Unraveling the D-Amino Acid Mystery
Three years after D-amino acids were first identified as possible markers for chronic kidney disease, have they lived up to their potential?
Luke Turner | | Quick Read
Catching chronic kidney disease (CKD) early is critical – patients have a heightened risk of life-threatening cardiovascular diseases and increasingly progress to end-stage kidney disease. But despite an estimated 850 million cases throughout the world (1), the early referral of patients with CKD remains a challenge due to inadequate tests.
In 2016, we reported on a breakthrough in the quest to identify an effective biomarker for early CKD diagnosis: a team from Osaka University found that levels of D-amino acids could predict progression to end-stage kidney disease (2). However, at the time, first author Tomonori Kimura told us “the D-amino acid world is a mystery,” clouding the potential clinical applications of their discovery. Three years on from their initial research, how close have the researchers come to solving that mystery?
D-amino acids are the enantiomers of L-amino acids and – although only trace amounts are present in humans – they are gaining attention as potential biomarkers for a number of diseases. “In our previous study, we saw that the level of D-serine in the blood was well correlated with the estimated glomerular filtration ratio (GFR), which is a key marker of kidney function,” says Kimura. In a new study, the team delved deeper into the diagnostic value of D-serine and applied micro-two-dimensional high-performance liquid chromatography (2D-HPLC) to assess its efficacy as an early indicator of CKD.
Their discovery? That D-serine levels in the blood of CKD patients correlated with GFR at a rate equal to or better than existing markers of kidney disease. In addition, the level of D-serine in the urine provided important information on kidney function other than GFR. “To screen for CKD, it is best to monitor D-serine in both the blood and the urine; it can serve as a dual biomarker for both the prediction of kidney function and the detection of CKD,” Kimura explains.

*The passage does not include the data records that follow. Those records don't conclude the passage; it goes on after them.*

definition is_model :: "'s set \<Rightarrow> ('s \<Rightarrow> 's \<Rightarrow> bool) \<Rightarrow> bool" where
  "is_model W R = (W \<noteq> {} \<and> (\<forall>s t. R s t \<longrightarrow> s \<in> W \<and> t \<in> W))"

definition serial :: "'s set \<Rightarrow> ('s \<Rightarrow> 's \<Rightarrow> bool) \<Rightarrow> bool" where
  "serial W R = (\<forall>s\<in>W. \<exists>t\<in>W. R s t)"

fun sat :: "'s set \<Rightarrow> ('s \<Rightarrow> 's \<Rightarrow> bool) \<Rightarrow> ('p \<Rightarrow> 's set) \<Rightarrow> 's \<Rightarrow> 'p fm \<Rightarrow> bool" where
  "sat W R V s (Var p) = (s \<in> V p)"
| "sat W R V s (Neg a) = (\<not> sat W R V s a)"
| "sat W R V s (Conj a b) = (sat W R V s a \<and> sat W R V s b)"
| "sat W R V s (Nabla a) =
     (\<exists>t u. R s t \<and> R s u \<and> sat W R V t a \<and> \<not> sat W R V u a)"
| "sat W R V s (Bul a) = (sat W R V s a \<and> (\<exists>t. R s t \<and> \<not> sat W R V t a))"

text \<open>Semantic consequence over serial models whose states are drawn from the type 's.\<close>
definition serial_conseq :: "'s itself \<Rightarrow> 'p fm set \<Rightarrow> 'p fm \<Rightarrow> bool" where
  "serial_conseq _ \<Gamma> a =
     (\<forall>(W::'s set) R (V::'p \<Rightarrow> 's set) s.
        is_model W R \<and> serial W R \<and> s \<in> W \<and> (\<forall>g\<in>\<Gamma>. sat W R V s g)
        \<longrightarrow> sat W R V s a)"

end

theory Submission
  imports Defs
begin

text \<open>Soundness is a routine induction on derivations; it holds on all frames. For
  completeness take the maximal consistent sets as states and let M see N iff N contains
  nec M: the formulas a with either \<open>a \<in> M, \<bullet>a \<notin> M\<close>, or \<open>a \<notin> M, \<bullet>\<not>a \<in> M, \<nabla>a \<notin> M\<close>.
  Axioms A3--A7 make nec M closed under provable implication and conjunction, so every
  formula outside nec M is refuted by some successor (Lindenbaum). Then \<open>\<nabla>a \<in> M\<close> iff
  neither a nor \<open>\<not>a\<close> lies in nec M, and \<open>\<bullet>a \<in> M\<close> iff \<open>a \<in> M\<close> but a is not in
  nec M, which is the truth lemma for \<open>\<nabla>\<close> and \<open>\<bullet>\<close>. The canonical model is serial since
  \<open>\<circ>\<top>\<close> is a theorem, which keeps \<open>\<bottom>\<close> out of nec M.\<close>

lemma peval_sat: "peval (sat W R V s) a = sat W R V s a"
  by (induction a) auto

lemma kthm_valid: "kthm a \<Longrightarrow> sat W R V s a"
proof (induction a arbitrary: s rule: kthm.induct)
  case (A0 a)
  then show ?case using peval_sat[of W R V s a] by (simp add: tautology_def)
qed (auto simp: Imp_def Iff_def Disj_def Delta_def Circ_def)

definition Falsum :: "'p fm" where
  "Falsum = Conj (Var undefined) (Neg (Var undefined))"

fun Imps :: "'p fm list \<Rightarrow> 'p fm \<Rightarrow> 'p fm" where
  "Imps [] c = c"
| "Imps (x # xs) c = Imp x (Imps xs c)"

lemma peval_Falsum [simp]: "\<not> peval g Falsum"
  by (simp add: Falsum_def)

lemma peval_Imp [simp]: "peval g (Imp a b) = (peval g a \<longrightarrow> peval g b)"
  by (simp add: Imp_def)

lemma peval_Disj [simp]: "peval g (Disj a b) = (peval g a \<or> peval g b)"
  by (simp add: Disj_def)

lemma peval_Iff [simp]: "peval g (Iff a b) = (peval g a \<longleftrightarrow> peval g b)"
  by (auto simp add: Iff_def)

lemma peval_Imps [simp]: "peval g (Imps xs c) = ((\<forall>x\<in>set xs. peval g x) \<longrightarrow> peval g c)"
  by (induction xs) auto

lemma peval_conjs: "xs \<noteq> [] \<Longrightarrow> peval g (conjs xs) = (\<forall>x\<in>set xs. peval g x)"
  by (induction xs rule: conjs.induct) auto
text \<open>Minimising the penalty \<open>infdist (G x) K + \<parallel>x - a\<parallel> / (8 c)\<close> over a compact neighbourhood
  of \<open>a\<close> in \<open>A\<close> (finite dimension is used here) produces a feasible point, since at an infeasible
  minimiser the correction step would decrease the penalty.\<close>
lemma metric_regularity_of_linear_correction:
  fixes A :: "'a::{heine_borel,real_normed_vector} set" and K :: "'b::real_normed_vector set"
  assumes A: "closed A" and K: "closed K" and G: "continuous_on UNIV G"
    and c: "c > 0" and "r > 0" "\<rho> > 0"
    and correction: "\<And>x k. x \<in> A \<Longrightarrow> k \<in> K \<Longrightarrow> norm (x - x0) < r \<Longrightarrow> norm (G x - k) < r \<Longrightarrow>
      \<exists>x'\<in>A. G x + L (x' - x) \<in> K \<and> norm (x' - x) \<le> c * norm (G x - k)"
    and linearization: "\<And>x x'. norm (x - x0) < \<rho> \<Longrightarrow> norm (x' - x0) < \<rho> \<Longrightarrow>
      norm (G x' - G x - L (x' - x)) \<le> norm (x' - x) / (8 * c)"
  obtains s where "s > 0" "\<And>a k. a \<in> A \<Longrightarrow> k \<in> K \<Longrightarrow> norm (a - x0) < s \<Longrightarrow> norm (G a - k) < s \<Longrightarrow>
      \<exists>x\<in>A. G x \<in> K \<and> norm (x - a) \<le> 8 * c * norm (G a - k)"
proof -
  define R where "R = min r \<rho> / 2"
  define s where "s = min R (R / (10 * c))"
  have R: "R > 0" "2 * R \<le> r" "2 * R \<le> \<rho>"
    using \<open>r > 0\<close> \<open>\<rho> > 0\<close> by (auto simp: R_def)
  have s: "s > 0" "s \<le> R" "10 * c * s \<le> R"
    using R c by (auto simp: s_def min_def field_simps)
  have "\<exists>x\<in>A. G x \<in> K \<and> norm (x - a) \<le> 8 * c * norm (G a - k)"
    if a: "a \<in> A" "norm (a - x0) < s" and k: "k \<in> K" "norm (G a - k) < s" for a k
  proof -
    define \<delta> where "\<delta> = norm (G a - k)"
    define \<psi> where "\<psi> x = infdist (G x) K + norm (x - a) / (8 * c)" for x
    let ?S = "A \<inter> cball a R"
    have "compact ?S"
      using A by (intro closed_Int_compact compact_cball)
    moreover have "a \<in> ?S"
      using a R by simp
    moreover have "continuous_on ?S \<psi>"
      unfolding \<psi>_def using continuous_on_subset[OF G] c by (intro continuous_intros) auto
    ultimately obtain xb where xb: "xb \<in> ?S" and min: "\<And>x. x \<in> ?S \<Longrightarrow> \<psi> xb \<le> \<psi> x"
      using continuous_attains_inf[of ?S \<psi>] by blast
    have "\<psi> xb \<le> \<delta>"
      using min[OF \<open>a \<in> ?S\<close>] infdist_le[OF k(1), of "G a"] by (simp add: \<psi>_def \<delta>_def dist_norm)
    moreover have "norm (xb - a) / (8 * c) \<ge> 0"
      using c by simp
    ultimately have dist_xb: "infdist (G xb) K \<le> \<delta>" and "norm (xb - a) / (8 * c) \<le> \<delta>"
      using infdist_nonneg[of "G xb" K] unfolding \<psi>_def by linarith+
    then have xb_a: "norm (xb - a) \<le> 8 * c * \<delta>"
      using c by (simp add: pos_divide_le_eq mult_ac)
    have xb_x0: "norm (xb - x0) < 2 * R"
      using xb a(2) s norm_triangle_ineq[of "xb - a" "a - x0"] by (simp add: dist_norm norm_minus_commute)
    have "G xb \<in> K"
    proof (rule ccontr)
      assume "G xb \<notin> K"
      then have pos: "infdist (G xb) K > 0"
        using in_closed_iff_infdist_zero[OF K, of "G xb"] k(1) infdist_nonneg[of "G xb" K]
        by (auto simp: order_less_le)
      moreover have "2 * infdist (G xb) K < r" "norm (xb - x0) < r"
        using dist_xb k(2) s R xb_x0 by (simp_all add: \<delta>_def)
      ultimately obtain x' where "x' \<in> A" and step: "G xb + L (x' - xb) \<in> K"
        and x'_xb: "norm (x' - xb) \<le> 2 * c * infdist (G xb) K"
        using correction_step_at_infeasible_point[OF c _ _ _ _ correction] xb by blast
      have "c * infdist (G xb) K \<le> c * \<delta>"
        using dist_xb c by (intro mult_left_mono) auto
      then have "norm (x' - a) \<le> 10 * c * \<delta>"
        using x'_xb xb_a norm_triangle_ineq[of "x' - xb" "xb - a"] by simp
      also have "\<dots> < 10 * c * s"
        using k(2) c by (simp add: \<delta>_def)
      also have "\<dots> \<le> R"
        using s by simp
      finally have "x' \<in> ?S" and "norm (x' - x0) < \<rho>"
        using \<open>x' \<in> A\<close> a(2) s R norm_triangle_ineq[of "x' - a" "a - x0"] by (auto simp: dist_norm norm_minus_commute)
      moreover have "norm (xb - x0) < \<rho>"
        using xb_x0 R by linarith
      ultimately have "norm (G x' - G xb - L (x' - xb)) \<le> norm (x' - xb) / (8 * c)"
        by (intro linearization)
      then have "\<psi> x' < \<psi> xb"
        unfolding \<psi>_def by (rule correction_decreases_penalty[where G = G and L = L, OF c pos step x'_xb])
      with min[OF \<open>x' \<in> ?S\<close>] show False
        by simp
    qed
    then show ?thesis
      using xb xb_a by (auto simp: \<delta>_def)
  qed
  with s(1) show ?thesis
    using that by blast
qed

lemma robinson_metric_regularity:
  fixes A :: "'a::euclidean_space set" and K :: "'b::banach set"
  assumes A: "closed A" "convex A" and K: "closed K" "convex K"
    and G: "\<And>x. (G has_derivative blinfun_apply (DG x)) (at x)" and DG: "isCont DG x0"
    and rob: "robinson_cq A G (DG x0) K x0"
  obtains C s where "C > 0" "s > 0" "\<And>a k. a \<in> A \<Longrightarrow> k \<in> K \<Longrightarrow> norm (a - x0) < s \<Longrightarrow>
      norm (G a - k) < s \<Longrightarrow> \<exists>x\<in>A. G x \<in> K \<and> norm (x - a) \<le> C * norm (G a - k)"
proof -
  have G_cont: "continuous_on UNIV G"
    using G has_derivative_continuous by (blast intro: continuous_at_imp_continuous_on)
  obtain c r where "c > 0" "r > 0" and correction: "\<And>x k. x \<in> A \<Longrightarrow> k \<in> K \<Longrightarrow> norm (x - x0) < r \<Longrightarrow>
      norm (G x - k) < r \<Longrightarrow> \<exists>x'\<in>A. G x + DG x0 (x' - x) \<in> K \<and> norm (x' - x) \<le> c * norm (G x - k)"
    using robinson_linear_correction[OF A K _ rob] G_cont by (metis UNIV_I continuous_on_eq_continuous_at open_UNIV)
  have "1 / (8 * c) > 0"
    using \<open>c > 0\<close> by simp
  then obtain \<rho> where "\<rho> > 0" and \<rho>: "\<And>x x'. norm (x - x0) < \<rho> \<Longrightarrow> norm (x' - x0) < \<rho> \<Longrightarrow>
      norm (G x' - G x - DG x0 (x' - x)) \<le> 1 / (8 * c) * norm (x' - x)"
    using continuous_derivative_strict_linearization[OF G DG] by blast
  have lin: "norm (G x' - G x - DG x0 (x' - x)) \<le> norm (x' - x) / (8 * c)"
    if "norm (x - x0) < \<rho>" "norm (x' - x0) < \<rho>" for x x'
    using \<rho>[OF that] by simp
  obtain s where "s > 0" "\<And>a k. a \<in> A \<Longrightarrow> k \<in> K \<Longrightarrow> norm (a - x0) < s \<Longrightarrow> norm (G a - k) < s \<Longrightarrow>
      \<exists>x\<in>A. G x \<in> K \<and> norm (x - a) \<le> 8 * c * norm (G a - k)"
    using metric_regularity_of_linear_correction[OF A(1) K(1) G_cont \<open>c > 0\<close> \<open>r > 0\<close> \<open>\<rho> > 0\<close>
        correction lin]
    by blast
  moreover have "8 * c > 0"
    using \<open>c > 0\<close> by simp
  ultimately show ?thesis
    using that by blast
qed

lemma contingent_coneI_approx:
  fixes C :: "'a::real_normed_vector set"
  assumes t: "\<And>n. t n > 0" "t \<longlonglongrightarrow> 0" and a: "(\<lambda>n. (1 / t n) *\<^sub>R (a n - x)) \<longlonglongrightarrow> h"
    and c: "\<And>n. c n \<in> C" "\<And>n. norm (c n - a n) \<le> t n * \<epsilon> n" and "\<epsilon> \<longlonglongrightarrow> 0"
  shows "h \<in> contingent_cone C x"
proof (rule contingent_coneI[OF t])
  have bound: "norm ((1 / t n) *\<^sub>R (c n - x) - (1 / t n) *\<^sub>R (a n - x)) \<le> \<epsilon> n" for n
  proof -
    have "norm ((1 / t n) *\<^sub>R (c n - x) - (1 / t n) *\<^sub>R (a n - x)) = norm (c n - a n) / t n"
      using t(1)[of n] by (simp add: scaleR_diff_right[symmetric])
    also have "\<dots> \<le> \<epsilon> n"
      using c(2)[of n] t(1)[of n] by (simp add: pos_divide_le_eq mult.commute)
    finally show ?thesis .
  qed
  have "(\<lambda>n. (1 / t n) *\<^sub>R (c n - x) - (1 / t n) *\<^sub>R (a n - x)) \<longlonglongrightarrow> 0"
    using always_eventually[OF allI[OF bound]] \<open>\<epsilon> \<longlonglongrightarrow> 0\<close> by (rule Lim_null_comparison)
  with a show "(\<lambda>n. (1 / t n) *\<^sub>R (c n - x)) \<longlonglongrightarrow> h"
    by (rule Lim_transform)
  show "x + t n *\<^sub>R ((1 / t n) *\<^sub>R (c n - x)) \<in> C" for n
    using t(1)[of n] c(1)[of n] by simp
qed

Current markers for the estimation of GFR include serum creatinine and serum cystatin C – but both are affected by other factors, such as muscular mass. “One of the main advantages of using 2D-HPLC to measure D-serine is its sensitivity and precision – the ability to potentiate absolute quantification removes any small variations in measurements.”
The new research found that the kidney’s balance between excretion and reabsorption of amino acids is controlled by chiral selectivity. This makes the reabsorption of D-serine sensitive to the presence of CKD, allowing testing to distinguish patients with the disease from those without. As we take one step closer to unravelling the mystery of D-amino acids, Kimura believes that there is plenty of potential to fulfill: “Because CKD is prevalent in patients with lifestyle-related diseases, such as diabetes, hypertension, and cardiovascular disease, understanding D-serine is likely to improve prognosis and therapy discovery in these, too.”
- A Hesaka et al., “D-Serine reflects kidney function and diseases”, Sci Reports, 9, 5104 (2019). PMID: 30911057.
- M Schubert, “A New Angle on CKD”, The Pathologist, 22, 9 (2016). Available at: bit.ly/2FTmn6s.